■ **WHAT YOU SHOULD DO**
Please find all lines in the data that hold the string "blast" and copy them.

*** Opening of DATA FOR THIS TASK ***

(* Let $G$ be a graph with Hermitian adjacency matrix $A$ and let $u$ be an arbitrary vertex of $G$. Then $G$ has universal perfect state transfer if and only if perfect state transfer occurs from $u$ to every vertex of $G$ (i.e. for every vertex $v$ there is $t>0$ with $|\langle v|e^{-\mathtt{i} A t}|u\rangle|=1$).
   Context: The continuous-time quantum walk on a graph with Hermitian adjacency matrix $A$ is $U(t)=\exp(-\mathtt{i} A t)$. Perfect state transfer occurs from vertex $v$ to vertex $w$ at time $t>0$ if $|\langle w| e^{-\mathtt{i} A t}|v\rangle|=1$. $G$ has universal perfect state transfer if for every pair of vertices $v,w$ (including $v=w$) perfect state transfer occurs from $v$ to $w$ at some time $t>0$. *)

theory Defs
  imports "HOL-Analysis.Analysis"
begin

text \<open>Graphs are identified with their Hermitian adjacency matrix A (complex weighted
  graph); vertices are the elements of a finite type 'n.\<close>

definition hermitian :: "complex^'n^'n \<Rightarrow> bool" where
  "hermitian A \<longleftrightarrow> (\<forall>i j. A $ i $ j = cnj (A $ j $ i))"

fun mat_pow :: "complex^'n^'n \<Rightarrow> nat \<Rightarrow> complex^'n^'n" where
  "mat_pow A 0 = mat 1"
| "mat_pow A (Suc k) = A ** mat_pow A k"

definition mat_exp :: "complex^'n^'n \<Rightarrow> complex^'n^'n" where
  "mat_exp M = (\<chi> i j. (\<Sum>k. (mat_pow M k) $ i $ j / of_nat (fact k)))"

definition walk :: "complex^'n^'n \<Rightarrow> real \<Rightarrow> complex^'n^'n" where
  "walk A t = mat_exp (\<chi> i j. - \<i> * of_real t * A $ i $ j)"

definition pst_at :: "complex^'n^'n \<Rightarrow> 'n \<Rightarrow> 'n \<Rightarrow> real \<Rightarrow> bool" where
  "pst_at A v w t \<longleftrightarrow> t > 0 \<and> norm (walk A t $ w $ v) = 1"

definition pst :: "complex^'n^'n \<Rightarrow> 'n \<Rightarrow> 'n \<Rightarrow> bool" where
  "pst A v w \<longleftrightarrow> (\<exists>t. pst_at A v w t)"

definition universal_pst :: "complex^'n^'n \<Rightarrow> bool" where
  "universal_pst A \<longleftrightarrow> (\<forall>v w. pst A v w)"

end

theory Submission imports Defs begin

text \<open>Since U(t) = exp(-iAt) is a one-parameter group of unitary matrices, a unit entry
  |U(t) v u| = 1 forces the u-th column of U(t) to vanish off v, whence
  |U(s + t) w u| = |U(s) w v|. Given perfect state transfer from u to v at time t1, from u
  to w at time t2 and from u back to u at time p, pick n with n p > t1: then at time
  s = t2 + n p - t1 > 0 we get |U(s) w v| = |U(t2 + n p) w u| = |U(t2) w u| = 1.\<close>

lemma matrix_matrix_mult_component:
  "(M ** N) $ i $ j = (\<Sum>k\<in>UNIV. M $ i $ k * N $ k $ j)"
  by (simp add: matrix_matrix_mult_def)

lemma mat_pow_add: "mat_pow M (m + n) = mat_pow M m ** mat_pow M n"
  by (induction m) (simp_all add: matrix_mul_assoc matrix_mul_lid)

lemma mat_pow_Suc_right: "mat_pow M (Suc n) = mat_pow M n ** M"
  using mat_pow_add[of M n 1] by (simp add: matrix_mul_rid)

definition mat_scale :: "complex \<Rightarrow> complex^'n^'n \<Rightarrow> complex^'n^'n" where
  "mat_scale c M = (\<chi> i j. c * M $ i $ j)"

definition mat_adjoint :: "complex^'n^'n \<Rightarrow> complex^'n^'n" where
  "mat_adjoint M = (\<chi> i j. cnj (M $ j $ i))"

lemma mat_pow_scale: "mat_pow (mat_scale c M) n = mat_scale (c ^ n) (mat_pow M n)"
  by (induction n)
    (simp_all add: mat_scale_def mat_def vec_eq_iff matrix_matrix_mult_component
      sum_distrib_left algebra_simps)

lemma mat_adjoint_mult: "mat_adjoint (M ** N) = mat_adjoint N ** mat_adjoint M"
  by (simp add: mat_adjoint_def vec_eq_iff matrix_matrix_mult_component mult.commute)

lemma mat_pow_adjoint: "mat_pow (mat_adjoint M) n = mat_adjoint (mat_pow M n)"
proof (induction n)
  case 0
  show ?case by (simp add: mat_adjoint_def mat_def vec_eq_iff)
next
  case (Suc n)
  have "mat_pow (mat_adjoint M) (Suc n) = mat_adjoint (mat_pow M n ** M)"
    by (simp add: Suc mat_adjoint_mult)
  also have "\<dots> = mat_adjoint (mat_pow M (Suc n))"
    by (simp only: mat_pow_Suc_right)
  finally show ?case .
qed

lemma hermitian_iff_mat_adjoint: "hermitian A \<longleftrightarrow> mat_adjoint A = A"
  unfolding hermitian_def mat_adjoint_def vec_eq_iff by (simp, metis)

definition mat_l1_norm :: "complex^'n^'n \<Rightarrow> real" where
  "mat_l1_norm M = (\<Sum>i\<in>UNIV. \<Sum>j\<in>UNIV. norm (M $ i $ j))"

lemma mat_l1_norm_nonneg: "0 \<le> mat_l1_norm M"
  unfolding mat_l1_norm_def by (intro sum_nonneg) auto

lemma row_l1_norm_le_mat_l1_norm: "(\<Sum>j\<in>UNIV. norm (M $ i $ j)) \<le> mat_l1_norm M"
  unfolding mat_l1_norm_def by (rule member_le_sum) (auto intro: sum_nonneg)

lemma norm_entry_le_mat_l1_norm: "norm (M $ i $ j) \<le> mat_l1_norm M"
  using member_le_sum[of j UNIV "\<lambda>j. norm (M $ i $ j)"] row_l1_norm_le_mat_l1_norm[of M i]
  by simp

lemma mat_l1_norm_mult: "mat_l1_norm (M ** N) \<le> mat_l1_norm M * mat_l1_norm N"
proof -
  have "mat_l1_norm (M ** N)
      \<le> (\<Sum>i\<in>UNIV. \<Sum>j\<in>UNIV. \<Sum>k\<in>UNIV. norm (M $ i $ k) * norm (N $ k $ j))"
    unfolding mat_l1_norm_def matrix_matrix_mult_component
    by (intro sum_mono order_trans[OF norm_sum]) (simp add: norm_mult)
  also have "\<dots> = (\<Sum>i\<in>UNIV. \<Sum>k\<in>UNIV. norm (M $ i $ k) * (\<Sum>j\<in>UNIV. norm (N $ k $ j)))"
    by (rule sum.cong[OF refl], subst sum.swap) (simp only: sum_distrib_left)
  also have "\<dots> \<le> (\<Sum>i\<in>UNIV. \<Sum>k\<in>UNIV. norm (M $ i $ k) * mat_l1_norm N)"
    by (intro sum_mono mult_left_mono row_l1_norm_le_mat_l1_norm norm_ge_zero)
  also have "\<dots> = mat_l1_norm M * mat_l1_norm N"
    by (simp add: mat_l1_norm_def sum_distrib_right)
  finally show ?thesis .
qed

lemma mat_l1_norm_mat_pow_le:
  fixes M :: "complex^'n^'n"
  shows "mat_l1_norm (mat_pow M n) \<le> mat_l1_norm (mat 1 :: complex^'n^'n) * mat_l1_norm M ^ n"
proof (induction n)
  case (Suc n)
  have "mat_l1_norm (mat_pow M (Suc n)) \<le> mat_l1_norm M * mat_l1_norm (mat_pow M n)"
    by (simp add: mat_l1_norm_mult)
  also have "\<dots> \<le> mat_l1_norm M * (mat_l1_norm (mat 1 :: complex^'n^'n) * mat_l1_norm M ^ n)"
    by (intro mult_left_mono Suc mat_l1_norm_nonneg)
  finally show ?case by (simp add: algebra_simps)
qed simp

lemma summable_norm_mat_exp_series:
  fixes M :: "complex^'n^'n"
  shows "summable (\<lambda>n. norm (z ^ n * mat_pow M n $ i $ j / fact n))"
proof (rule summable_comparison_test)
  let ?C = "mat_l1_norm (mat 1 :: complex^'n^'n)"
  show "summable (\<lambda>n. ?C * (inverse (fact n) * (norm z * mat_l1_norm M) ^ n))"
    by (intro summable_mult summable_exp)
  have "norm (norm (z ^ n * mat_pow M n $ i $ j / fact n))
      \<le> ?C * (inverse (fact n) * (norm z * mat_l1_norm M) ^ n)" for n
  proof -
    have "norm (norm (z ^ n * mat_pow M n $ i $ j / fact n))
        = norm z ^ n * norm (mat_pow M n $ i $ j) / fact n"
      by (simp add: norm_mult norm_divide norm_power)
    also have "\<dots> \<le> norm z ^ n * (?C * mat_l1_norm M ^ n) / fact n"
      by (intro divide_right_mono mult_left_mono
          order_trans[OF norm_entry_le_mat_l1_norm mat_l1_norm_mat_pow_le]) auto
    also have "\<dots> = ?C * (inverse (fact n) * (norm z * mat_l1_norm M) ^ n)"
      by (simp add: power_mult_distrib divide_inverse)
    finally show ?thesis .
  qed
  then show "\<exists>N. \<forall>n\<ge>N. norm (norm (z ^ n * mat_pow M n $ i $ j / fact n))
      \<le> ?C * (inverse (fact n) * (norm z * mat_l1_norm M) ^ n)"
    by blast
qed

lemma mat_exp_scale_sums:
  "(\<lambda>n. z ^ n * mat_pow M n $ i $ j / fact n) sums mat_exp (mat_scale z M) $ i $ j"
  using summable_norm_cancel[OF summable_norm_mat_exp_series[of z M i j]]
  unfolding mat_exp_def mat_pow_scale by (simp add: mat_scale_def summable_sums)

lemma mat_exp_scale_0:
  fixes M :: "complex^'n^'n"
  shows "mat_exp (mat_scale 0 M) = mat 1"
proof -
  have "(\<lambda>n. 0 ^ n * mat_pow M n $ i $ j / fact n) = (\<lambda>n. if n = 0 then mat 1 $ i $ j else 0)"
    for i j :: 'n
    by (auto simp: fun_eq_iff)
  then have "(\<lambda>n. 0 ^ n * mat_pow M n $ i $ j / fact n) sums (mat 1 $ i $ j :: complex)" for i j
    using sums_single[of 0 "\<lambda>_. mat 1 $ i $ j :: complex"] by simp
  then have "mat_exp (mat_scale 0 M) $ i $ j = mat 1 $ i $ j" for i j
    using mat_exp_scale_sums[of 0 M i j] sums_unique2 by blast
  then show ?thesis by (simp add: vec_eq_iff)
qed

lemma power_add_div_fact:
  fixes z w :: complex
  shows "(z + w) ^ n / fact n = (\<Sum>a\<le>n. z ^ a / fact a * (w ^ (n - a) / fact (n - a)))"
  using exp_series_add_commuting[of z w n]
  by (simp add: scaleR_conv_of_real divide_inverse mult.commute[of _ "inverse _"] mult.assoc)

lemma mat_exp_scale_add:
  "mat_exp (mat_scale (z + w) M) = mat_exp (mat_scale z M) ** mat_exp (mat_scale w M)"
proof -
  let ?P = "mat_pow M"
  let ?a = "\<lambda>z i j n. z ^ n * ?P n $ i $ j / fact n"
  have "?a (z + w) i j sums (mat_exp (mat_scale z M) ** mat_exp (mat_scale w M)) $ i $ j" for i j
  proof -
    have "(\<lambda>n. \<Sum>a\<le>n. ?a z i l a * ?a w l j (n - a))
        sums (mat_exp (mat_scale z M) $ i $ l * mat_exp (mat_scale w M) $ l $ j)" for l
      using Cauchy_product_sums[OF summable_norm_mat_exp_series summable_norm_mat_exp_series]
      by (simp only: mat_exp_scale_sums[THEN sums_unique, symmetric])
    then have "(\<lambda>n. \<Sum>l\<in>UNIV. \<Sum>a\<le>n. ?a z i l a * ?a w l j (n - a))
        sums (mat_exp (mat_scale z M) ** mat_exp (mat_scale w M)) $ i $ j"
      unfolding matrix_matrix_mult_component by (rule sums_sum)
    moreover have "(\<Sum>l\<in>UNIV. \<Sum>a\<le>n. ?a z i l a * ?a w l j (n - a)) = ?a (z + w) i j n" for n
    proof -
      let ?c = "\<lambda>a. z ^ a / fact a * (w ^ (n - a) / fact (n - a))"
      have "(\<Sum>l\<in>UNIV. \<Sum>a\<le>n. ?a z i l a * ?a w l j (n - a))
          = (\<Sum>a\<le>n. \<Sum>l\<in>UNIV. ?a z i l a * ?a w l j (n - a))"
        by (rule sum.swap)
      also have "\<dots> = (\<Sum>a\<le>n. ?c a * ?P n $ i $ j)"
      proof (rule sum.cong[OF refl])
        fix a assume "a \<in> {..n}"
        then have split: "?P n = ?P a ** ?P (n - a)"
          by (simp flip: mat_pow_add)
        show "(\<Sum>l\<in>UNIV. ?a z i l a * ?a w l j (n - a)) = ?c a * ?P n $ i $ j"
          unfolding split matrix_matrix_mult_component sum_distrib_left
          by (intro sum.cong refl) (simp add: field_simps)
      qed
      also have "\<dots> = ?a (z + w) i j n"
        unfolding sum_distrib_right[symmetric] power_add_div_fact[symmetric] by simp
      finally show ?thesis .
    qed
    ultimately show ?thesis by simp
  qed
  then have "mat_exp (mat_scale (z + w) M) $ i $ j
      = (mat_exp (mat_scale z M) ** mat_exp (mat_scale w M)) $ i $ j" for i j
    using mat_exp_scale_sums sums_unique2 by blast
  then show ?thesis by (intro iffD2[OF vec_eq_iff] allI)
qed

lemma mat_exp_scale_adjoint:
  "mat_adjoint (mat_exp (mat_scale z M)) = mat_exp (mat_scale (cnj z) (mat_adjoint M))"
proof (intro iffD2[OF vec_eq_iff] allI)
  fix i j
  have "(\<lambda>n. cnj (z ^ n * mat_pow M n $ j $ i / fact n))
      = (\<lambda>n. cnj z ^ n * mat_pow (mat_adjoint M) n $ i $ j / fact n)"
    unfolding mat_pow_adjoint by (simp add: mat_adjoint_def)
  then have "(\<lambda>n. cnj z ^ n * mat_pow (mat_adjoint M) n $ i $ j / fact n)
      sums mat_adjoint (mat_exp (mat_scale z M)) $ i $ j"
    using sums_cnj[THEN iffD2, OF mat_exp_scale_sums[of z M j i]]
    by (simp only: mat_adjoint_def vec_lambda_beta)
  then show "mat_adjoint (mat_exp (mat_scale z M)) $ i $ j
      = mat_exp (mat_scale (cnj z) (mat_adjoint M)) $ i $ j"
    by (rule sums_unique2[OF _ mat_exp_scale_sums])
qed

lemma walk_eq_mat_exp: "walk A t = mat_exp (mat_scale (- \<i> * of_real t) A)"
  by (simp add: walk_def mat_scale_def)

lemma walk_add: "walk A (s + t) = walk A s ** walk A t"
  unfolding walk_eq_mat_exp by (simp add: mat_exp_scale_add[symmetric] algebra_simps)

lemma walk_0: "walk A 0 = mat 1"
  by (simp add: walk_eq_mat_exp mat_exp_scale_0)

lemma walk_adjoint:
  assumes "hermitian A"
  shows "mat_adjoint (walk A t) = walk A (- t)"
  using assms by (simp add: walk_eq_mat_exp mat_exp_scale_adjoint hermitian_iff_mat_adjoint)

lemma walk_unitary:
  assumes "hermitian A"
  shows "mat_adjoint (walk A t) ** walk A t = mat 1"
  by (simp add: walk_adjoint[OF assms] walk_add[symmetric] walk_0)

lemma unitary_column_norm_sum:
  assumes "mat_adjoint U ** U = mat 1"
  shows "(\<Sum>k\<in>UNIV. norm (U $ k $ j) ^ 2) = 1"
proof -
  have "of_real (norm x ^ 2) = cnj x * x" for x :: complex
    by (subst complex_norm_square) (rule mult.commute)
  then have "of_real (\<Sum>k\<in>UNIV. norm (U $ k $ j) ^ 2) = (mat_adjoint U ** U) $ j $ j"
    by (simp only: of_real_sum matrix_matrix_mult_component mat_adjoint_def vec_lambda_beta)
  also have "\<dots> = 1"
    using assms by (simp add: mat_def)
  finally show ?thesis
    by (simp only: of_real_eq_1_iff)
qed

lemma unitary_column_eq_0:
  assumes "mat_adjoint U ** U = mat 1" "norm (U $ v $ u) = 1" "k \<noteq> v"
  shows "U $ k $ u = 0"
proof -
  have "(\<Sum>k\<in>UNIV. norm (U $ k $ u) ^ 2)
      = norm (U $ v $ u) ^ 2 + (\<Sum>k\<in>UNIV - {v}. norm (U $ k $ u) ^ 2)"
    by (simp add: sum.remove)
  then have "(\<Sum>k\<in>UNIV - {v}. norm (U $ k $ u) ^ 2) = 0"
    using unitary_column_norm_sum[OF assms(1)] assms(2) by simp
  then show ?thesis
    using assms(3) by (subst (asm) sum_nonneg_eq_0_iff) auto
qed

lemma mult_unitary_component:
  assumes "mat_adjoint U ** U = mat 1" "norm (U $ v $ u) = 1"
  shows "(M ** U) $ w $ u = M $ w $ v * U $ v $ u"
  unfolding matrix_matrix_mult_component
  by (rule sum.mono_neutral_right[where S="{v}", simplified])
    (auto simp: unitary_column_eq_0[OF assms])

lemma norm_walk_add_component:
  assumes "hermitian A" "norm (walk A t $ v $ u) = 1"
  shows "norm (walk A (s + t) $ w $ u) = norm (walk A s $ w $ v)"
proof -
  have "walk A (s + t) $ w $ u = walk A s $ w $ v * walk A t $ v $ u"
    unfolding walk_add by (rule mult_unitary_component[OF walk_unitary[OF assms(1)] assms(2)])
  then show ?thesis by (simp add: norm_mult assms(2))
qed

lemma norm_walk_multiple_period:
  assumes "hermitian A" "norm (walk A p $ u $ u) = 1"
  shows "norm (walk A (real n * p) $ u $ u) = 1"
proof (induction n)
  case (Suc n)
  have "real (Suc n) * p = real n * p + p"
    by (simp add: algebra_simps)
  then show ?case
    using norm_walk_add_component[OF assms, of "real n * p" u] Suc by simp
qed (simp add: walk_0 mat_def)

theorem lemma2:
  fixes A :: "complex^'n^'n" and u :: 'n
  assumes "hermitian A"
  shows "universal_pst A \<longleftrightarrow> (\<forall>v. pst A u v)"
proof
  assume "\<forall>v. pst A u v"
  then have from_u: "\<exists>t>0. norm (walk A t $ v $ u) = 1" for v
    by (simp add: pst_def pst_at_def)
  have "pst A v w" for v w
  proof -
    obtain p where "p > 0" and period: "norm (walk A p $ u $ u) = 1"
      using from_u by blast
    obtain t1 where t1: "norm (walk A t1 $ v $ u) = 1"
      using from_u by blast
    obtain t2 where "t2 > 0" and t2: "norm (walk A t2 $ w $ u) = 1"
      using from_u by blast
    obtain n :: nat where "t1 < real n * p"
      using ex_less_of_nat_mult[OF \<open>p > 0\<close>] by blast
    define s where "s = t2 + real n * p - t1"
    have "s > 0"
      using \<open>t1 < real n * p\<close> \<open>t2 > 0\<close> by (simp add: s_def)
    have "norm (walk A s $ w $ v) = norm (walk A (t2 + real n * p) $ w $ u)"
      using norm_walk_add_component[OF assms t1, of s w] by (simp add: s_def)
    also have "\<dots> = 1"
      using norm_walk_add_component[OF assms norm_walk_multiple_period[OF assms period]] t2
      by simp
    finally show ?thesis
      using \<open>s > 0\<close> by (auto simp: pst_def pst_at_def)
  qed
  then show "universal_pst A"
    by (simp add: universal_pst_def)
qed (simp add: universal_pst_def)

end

*** Close of DATA FOR THIS TASK ***

■ **RESULT OF THE EXERCISE**
    by blast
    using mat_exp_scale_sums[of 0 M i j] sums_unique2 by blast
    using mat_exp_scale_sums sums_unique2 by blast
      using from_u by blast
      using from_u by blast
      using from_u by blast
      using ex_less_of_nat_mult[OF \<open>p > 0\<close>] by blast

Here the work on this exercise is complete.